In a book published by Bruce Schneider, Data and Goliath: The Hidden Battles to Collect and Control Your World speaks to the deluge of data that has congested society’s machines. This data exhaust, as Schneider refers to it, has a plethora of extractable data, known as metadata. Metadata, while not linked to specific conversations you have on your phone or the text contents of your emails, is collected by organizations we use in our daily life. Facebook, Amazon, Google, Yahoo (yes, some of us still use Yahoo email), Apple all rely on gigantic server farms to maintain petabytes of saved metadata.
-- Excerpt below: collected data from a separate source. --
(* Let $n$ be a positive integer, $1\le k\le n$, $w\in\mathfrak S_n$, and $\rho\in\mathcal A_w(n,k)$. (a) The reversal set $\mathrm{Rev}_{n,k,w}(\rho)\subseteq\mathrm{Inv}_{k+1}(w)$ is a lower order ideal of $\mathcal P_w(n,k+1)$, and for every $X\in\mathrm{Inv}_{k+2}(w)$ its intersection with $P(X)$ is a prefix or a suffix of $P(X)$. (b) If $\sigma$ is a total order of $\mathrm{Inv}_k(w)$ with $\sigma\sim_w\rho$, then $\sigma\in\mathcal A_w(n,k)$ and $\mathrm{Rev}_{n,k,w}(\rho)=\mathrm{Rev}_{n,k,w}(\sigma)$. (c) If $\sigma$ is obtained from $\rho$ by a packet flip at $P(X)$ for some $X\in\mathrm{Inv}_{k+1}(w)$ whose packet is flippable in $\rho$, then $\sigma\in\mathcal A_w(n,k)$ and $\mathrm{Rev}_{n,k,w}(\sigma)\,\triangle\,\mathrm{Rev}_{n,k,w}(\rho)=\{X\}$, where $\triangle$ denotes symmetric difference.
   Context: $\mathfrak S_n$ is the symmetric group on $[n]$. For $m\ge0$, $\binom{[n]}{m}$ is the set of $m$-element subsets of $[n]$, written $[x_1,\dots,x_m]$ with $x_1<\dots<x_m$. For $X=[x_1,\dots,x_m]$ and $i\in[m]$, $X_i$ is $X$ with $x_i$ removed; $P(X)=\{X_1,\dots,X_m\}$, with lex order $(X_m,\dots,X_1)$ and antilex order $(X_1,\dots,X_m)$. A prefix of $P(X)$ is a set $\{X_m,\dots,X_i\}$, a suffix is a set $\{X_i,\dots,X_1\}$ (the empty set counts as both). $\mathrm{Inv}_m(w)=\{[x_1,\dots,x_m]\in\binom{[n]}{m}: w^{-1}(x_1)>\dots>w^{-1}(x_m)\}$ (empty if $m>n$). $X\in\binom{[n]}{m}$ is an $m$-quasi-inversion of $w$ if exactly one pair $[x_a,x_b]$, $a<b$, is not in $\mathrm{Inv}_2(w)$. $\mathcal P_w(n,m)$ is $\mathrm{Inv}_m(w)$ with the reflexive-transitive closure of: whenever $X\in\binom{[n]}{m+1}$ is a quasi-inversion with $P(X)\cap\mathrm{Inv}_m(w)=\{X_i,X_{i+1}\}$, $X_i<X_{i+1}$ if $m-i$ is odd and $X_{i+1}<X_i$ if $m-i$ is even. $\mathcal A_w(n,k)$ is the set of total orders $\rho$ of $\mathrm{Inv}_k(w)$ that are linear extensions of $\mathcal P_w(n,k)$ and such that for each $X\in\mathrm{Inv}_{k+1}(w)$, $\rho|_{P(X)}$ is the lex or antilex order. $\mathrm{Rev}_{n,k,w}(\rho)=\{X\in\mathrm{Inv}_{k+1}(w):\rho|_{P(X)}=(X_1,\dots,X_{k+1})\}$. Two elements of $\mathrm{Inv}_k(w)$ commute if they are incomparable in $\mathcal P_w(n,k)$ and no $Z\in\binom{[n]}{k+1}$ has both in $P(Z)$; $\sim_w$ is the equivalence on total orders generated by swapping adjacent commuting elements. For $X\in\mathrm{Inv}_{k+1}(w)$, $P(X)$ is flippable in $\rho$ if its elements occupy consecutive positions of $\rho$; the packet flip at $P(X)$ reverses the order of that block (lex-to-antilex or antilex-to-lex). *)

theory Defs
  imports "HOL-Combinatorics.Permutations"
begin

text \<open>Subsets of [n] = {1..n} are represented as finite sets of naturals.
  Total orders of a finite set are represented as distinct lists enumerating it
  (earlier position = smaller).\<close>

definition binom :: "nat \<Rightarrow> nat \<Rightarrow> nat set set" where
  "binom n m = {X. X \<subseteq> {1..n} \<and> card X = m}"

text \<open>i-th smallest element (1-based) of X\<close>
definition elem :: "nat set \<Rightarrow> nat \<Rightarrow> nat" where
  "elem X i = sorted_list_of_set X ! (i - 1)"

definition subs :: "nat set \<Rightarrow> nat \<Rightarrow> nat set" where
  "subs X i = X - {elem X i}"

definition packet :: "nat set \<Rightarrow> nat set set" where
  "packet X = subs X ` {1..card X}"

definition lex_list :: "nat set \<Rightarrow> nat set list" where
  "lex_list X = map (subs X) (rev [1..<card X + 1])"

definition antilex_list :: "nat set \<Rightarrow> nat set list" where
  "antilex_list X = map (subs X) [1..<card X + 1]"

text \<open>prefix {X_m,...,X_i} and suffix {X_i,...,X_1} of P(X) (empty set allowed)\<close>
definition is_prefix_packet :: "nat set \<Rightarrow> nat set set \<Rightarrow> bool" where
  "is_prefix_packet X S \<longleftrightarrow> (\<exists>i. 1 \<le> i \<and> i \<le> card X + 1 \<and> S = subs X ` {i..card X})"

definition is_suffix_packet :: "nat set \<Rightarrow> nat set set \<Rightarrow> bool" where
  "is_suffix_packet X S \<longleftrightarrow> (\<exists>i. i \<le> card X \<and> S = subs X ` {1..i})"

definition Inv :: "(nat \<Rightarrow> nat) \<Rightarrow> nat \<Rightarrow> nat \<Rightarrow> nat set set" where
  "Inv w n m = {X \<in> binom n m. \<forall>x\<in>X. \<forall>y\<in>X. x < y \<longrightarrow> inv w y < inv w x}"

definition quasi_inv :: "(nat \<Rightarrow> nat) \<Rightarrow> nat set \<Rightarrow> bool" where
  "quasi_inv w X \<longleftrightarrow> card {(x, y). x \<in> X \<and> y \<in> X \<and> x < y \<and> \<not> inv w y < inv w x} = 1"

text \<open>generating covering relations of P_w(n,m); (A,B) means A < B\<close>
definition P_gen :: "(nat \<Rightarrow> nat) \<Rightarrow> nat \<Rightarrow> nat \<Rightarrow> (nat set \<times> nat set) set" where
  "P_gen w n m = {(A, B). \<exists>X \<in> binom n (m + 1). quasi_inv w X \<and>
      (\<exists>i. 1 \<le> i \<and> i \<le> m \<and> packet X \<inter> Inv w n m = {subs X i, subs X (i + 1)} \<and>
        (if odd (m - i) then (A, B) = (subs X i, subs X (i + 1))
                        else (A, B) = (subs X (i + 1), subs X i)))}"

definition P_ord :: "(nat \<Rightarrow> nat) \<Rightarrow> nat \<Rightarrow> nat \<Rightarrow> (nat set \<times> nat set) set" where
  "P_ord w n m = {(A, B). A \<in> Inv w n m \<and> B \<in> Inv w n m \<and> (A, B) \<in> (P_gen w n m)\<^sup>*}"

definition total_order_of :: "nat set set \<Rightarrow> nat set list \<Rightarrow> bool" where
  "total_order_of S \<rho> \<longleftrightarrow> distinct \<rho> \<and> set \<rho> = S"

definition precedes :: "nat set list \<Rightarrow> nat set \<Rightarrow> nat set \<Rightarrow> bool" where
  "precedes \<rho> A B \<longleftrightarrow> (\<exists>i j. i \<le> j \<and> j < length \<rho> \<and> \<rho> ! i = A \<and> \<rho> ! j = B)"

definition restrict_order :: "nat set list \<Rightarrow> nat set set \<Rightarrow> nat set list" where
  "restrict_order \<rho> S = filter (\<lambda>A. A \<in> S) \<rho>"

definition A_set :: "(nat \<Rightarrow> nat) \<Rightarrow> nat \<Rightarrow> nat \<Rightarrow> nat set list set" where
  "A_set w n k = {\<rho>. total_order_of (Inv w n k) \<rho>
      \<and> (\<forall>(A, B) \<in> P_ord w n k. precedes \<rho> A B)
      \<and> (\<forall>X \<in> Inv w n (k + 1). restrict_order \<rho> (packet X) = lex_list X
                              \<or> restrict_order \<rho> (packet X) = antilex_list X)}"

definition Rev :: "nat \<Rightarrow> nat \<Rightarrow> (nat \<Rightarrow> nat) \<Rightarrow> nat set list \<Rightarrow> nat set set" where
  "Rev n k w \<rho> = {X \<in> Inv w n (k + 1). restrict_order \<rho> (packet X) = antilex_list X}"

definition commute :: "(nat \<Rightarrow> nat) \<Rightarrow> nat \<Rightarrow> nat \<Rightarrow> nat set \<Rightarrow> nat set \<Rightarrow> bool" where
  "commute w n k A B \<longleftrightarrow> A \<in> Inv w n k \<and> B \<in> Inv w n k
     \<and> (A, B) \<notin> P_ord w n k \<and> (B, A) \<notin> P_ord w n k
     \<and> \<not> (\<exists>Z \<in> binom n (k + 1). A \<in> packet Z \<and> B \<in> packet Z)"

definition comm_swap :: "(nat \<Rightarrow> nat) \<Rightarrow> nat \<Rightarrow> nat \<Rightarrow> (nat set list \<times> nat set list) set" where
  "comm_swap w n k = {(\<rho>, \<sigma>). \<exists>xs A B ys. commute w n k A B
       \<and> \<rho> = xs @ [A, B] @ ys \<and> \<sigma> = xs @ [B, A] @ ys}"

definition comm_equiv :: "(nat \<Rightarrow> nat) \<Rightarrow> nat \<Rightarrow> nat \<Rightarrow> nat set list \<Rightarrow> nat set list \<Rightarrow> bool" where
  "comm_equiv w n k \<sigma> \<rho> \<longleftrightarrow> (\<sigma>, \<rho>) \<in> (comm_swap w n k \<union> (comm_swap w n k)\<inverse>)\<^sup>*"

end

theory Submission
  imports Defs
begin

text \<open>
  An admissible order \<open>\<rho>\<close> restricts to the lex or the antilex order on every packet \<open>P(X)\<close>,
  \<open>X \<in> Inv\<^sub>k\<^sub>+\<^sub>1(w)\<close>; so for \<open>x < y\<close> in \<open>X\<close> it puts \<open>X - {x}\<close> before \<open>X - {y}\<close> exactly when
  \<open>X\<close> is reversed. For \<open>x < y < z\<close> in a \<open>(k + 2)\<close>-set \<open>Z\<close>, the sets \<open>Z - {x, y}\<close>, \<open>Z - {x, z}\<close>,
  \<open>Z - {y, z}\<close> lie pairwise in the packets of \<open>Z - {x}\<close>, \<open>Z - {y}\<close>, \<open>Z - {z}\<close>, and transitivity
  of \<open>\<rho>\<close> on them forces \<open>Z - {y}\<close> to be reversed if \<open>Z - {x}\<close> and \<open>Z - {z}\<close> both are, and not
  reversed if neither is; hence \<open>Rev \<inter> P(Z)\<close> is a prefix or a suffix of \<open>P(Z)\<close>. The same
  argument, for a quasi-inversion \<open>Z\<close> with non-inverted pair \<open>p < q\<close> and a third element \<open>c\<close>,
  with the covering relation of \<open>P\<^sub>w(n, k)\<close> between \<open>Z - {c, p}\<close> and \<open>Z - {c, q}\<close> in place of one
  packet, shows that \<open>Rev\<close> is closed downwards under the covering relations of \<open>P\<^sub>w(n, k + 1)\<close>.

  Commuting swaps and packet flips reverse a block of \<open>\<rho>\<close> containing no two comparable elements
  of \<open>P\<^sub>w(n, k)\<close>. For a flippable packet \<open>P(X)\<close>, a chain of covering steps between two of its
  elements would begin with a step inside the block, i.e. inside \<open>P(X)\<close> and the packet of a
  quasi-inversion, but distinct packets share at most one element. For the same reason a flip at
  \<open>P(X)\<close> changes the restriction of \<open>\<rho>\<close> to \<open>P(X)\<close> only.
\<close>

section \<open>Strict precedence in a list\<close>

definition before :: "'a list \<Rightarrow> 'a \<Rightarrow> 'a \<Rightarrow> bool" where
  "before xs a b \<longleftrightarrow> (\<exists>i j. i < j \<and> j < length xs \<and> xs ! i = a \<and> xs ! j = b)"

lemma before_irrefl: "distinct xs \<Longrightarrow> \<not> before xs a a"
  unfolding before_def by (auto simp: nth_eq_iff_index_eq)

lemma before_memD: "before xs a b \<Longrightarrow> a \<in> set xs \<and> b \<in> set xs"
  unfolding before_def by auto

lemma before_trans:
  assumes "distinct xs" "before xs a b" "before xs b c"
  shows "before xs a c"
proof -
  obtain i j i' j' where "i < j" "j < length xs" "xs ! i = a" "xs ! j = b"
    "i' < j'" "j' < length xs" "xs ! i' = b" "xs ! j' = c"
    using assms(2,3) unfolding before_def by blast
  moreover from calculation have "j = i'"
    using assms(1) nth_eq_iff_index_eq by (metis order.strict_trans)
  ultimately show ?thesis unfolding before_def by (metis order.strict_trans)
qed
Screen Shot 2018-05-25 at 9.52.37 PM

Schneider refers to the information age being built on data exhaust and he is correct. Modern algorithms that power recommendation engines for Amazon, the phone towers that collect cell phone signals to show your location, the GPS inside your iPhone, your Netflix account, all rely on metadata and the effective storage of, well, a boat load of data for lack of a better term.

Over the course of the past couple decades, we have been consenting to privacy agreements that allow these companies, and companies like them, to use our data for purposes that we are not aware of. That is the reason for GDPR. This is where consent comes to play.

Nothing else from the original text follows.